RECORDS TO PROCESS below:
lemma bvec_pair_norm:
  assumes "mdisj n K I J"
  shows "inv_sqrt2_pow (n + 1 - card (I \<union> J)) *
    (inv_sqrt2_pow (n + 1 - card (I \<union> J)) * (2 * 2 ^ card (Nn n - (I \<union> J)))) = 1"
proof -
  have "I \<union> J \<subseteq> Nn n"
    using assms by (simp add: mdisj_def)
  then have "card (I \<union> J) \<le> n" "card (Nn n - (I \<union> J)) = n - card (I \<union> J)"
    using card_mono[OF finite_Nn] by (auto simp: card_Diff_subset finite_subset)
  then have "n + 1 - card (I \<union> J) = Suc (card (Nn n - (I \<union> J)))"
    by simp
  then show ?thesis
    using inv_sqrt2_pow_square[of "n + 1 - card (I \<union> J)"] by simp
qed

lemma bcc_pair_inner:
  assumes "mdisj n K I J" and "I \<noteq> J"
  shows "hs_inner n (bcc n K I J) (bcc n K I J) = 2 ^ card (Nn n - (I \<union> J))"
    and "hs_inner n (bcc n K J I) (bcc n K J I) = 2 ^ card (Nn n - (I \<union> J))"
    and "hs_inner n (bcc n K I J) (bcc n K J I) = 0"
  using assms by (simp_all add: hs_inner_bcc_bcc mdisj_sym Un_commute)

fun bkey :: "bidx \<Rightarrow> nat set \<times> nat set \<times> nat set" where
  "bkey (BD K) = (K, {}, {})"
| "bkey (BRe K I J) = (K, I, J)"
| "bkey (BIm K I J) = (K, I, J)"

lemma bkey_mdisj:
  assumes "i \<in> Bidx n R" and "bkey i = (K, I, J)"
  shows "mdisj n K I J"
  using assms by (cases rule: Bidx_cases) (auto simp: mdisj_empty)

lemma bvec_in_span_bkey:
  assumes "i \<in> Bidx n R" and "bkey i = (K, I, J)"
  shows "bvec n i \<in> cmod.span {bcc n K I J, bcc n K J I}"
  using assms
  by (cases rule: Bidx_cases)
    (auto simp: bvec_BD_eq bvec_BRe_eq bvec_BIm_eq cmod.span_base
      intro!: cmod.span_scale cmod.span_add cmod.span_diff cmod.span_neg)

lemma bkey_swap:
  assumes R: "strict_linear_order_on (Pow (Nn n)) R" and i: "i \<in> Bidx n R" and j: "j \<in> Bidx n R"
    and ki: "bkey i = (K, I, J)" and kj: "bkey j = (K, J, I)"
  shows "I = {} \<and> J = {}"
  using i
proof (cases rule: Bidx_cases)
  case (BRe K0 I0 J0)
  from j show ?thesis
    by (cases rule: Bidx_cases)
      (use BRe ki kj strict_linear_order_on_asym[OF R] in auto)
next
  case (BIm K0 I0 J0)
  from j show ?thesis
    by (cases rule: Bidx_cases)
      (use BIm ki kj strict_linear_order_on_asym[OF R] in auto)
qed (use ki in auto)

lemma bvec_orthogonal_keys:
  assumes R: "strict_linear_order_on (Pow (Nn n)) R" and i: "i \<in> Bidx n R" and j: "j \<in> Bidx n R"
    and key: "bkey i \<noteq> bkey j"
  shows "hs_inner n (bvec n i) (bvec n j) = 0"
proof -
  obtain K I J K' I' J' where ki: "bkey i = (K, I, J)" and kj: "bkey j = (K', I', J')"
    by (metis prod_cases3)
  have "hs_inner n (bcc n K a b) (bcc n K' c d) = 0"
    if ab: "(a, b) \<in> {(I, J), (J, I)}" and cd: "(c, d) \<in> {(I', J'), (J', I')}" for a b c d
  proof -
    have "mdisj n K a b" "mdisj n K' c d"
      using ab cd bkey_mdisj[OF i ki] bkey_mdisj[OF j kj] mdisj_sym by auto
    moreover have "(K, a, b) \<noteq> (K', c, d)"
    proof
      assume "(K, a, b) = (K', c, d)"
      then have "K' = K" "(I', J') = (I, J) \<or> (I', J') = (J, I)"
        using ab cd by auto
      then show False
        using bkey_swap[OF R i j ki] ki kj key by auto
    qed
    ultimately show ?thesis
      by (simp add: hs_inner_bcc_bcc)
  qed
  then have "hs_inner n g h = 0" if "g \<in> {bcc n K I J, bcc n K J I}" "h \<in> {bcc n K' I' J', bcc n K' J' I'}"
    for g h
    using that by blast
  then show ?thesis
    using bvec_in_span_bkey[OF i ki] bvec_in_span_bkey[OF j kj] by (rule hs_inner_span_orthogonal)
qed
End of RECORDS TO PROCESS.
What are the lines above that hold the string "rule"? Copy them.

  using assms by (cases rule: Bidx_cases) (auto simp: mdisj_empty)
  by (cases rule: Bidx_cases)
proof (cases rule: Bidx_cases)
    by (cases rule: Bidx_cases)
    by (cases rule: Bidx_cases)
    using bvec_in_span_bkey[OF i ki] bvec_in_span_bkey[OF j kj] by (rule hs_inner_span_orthogonal)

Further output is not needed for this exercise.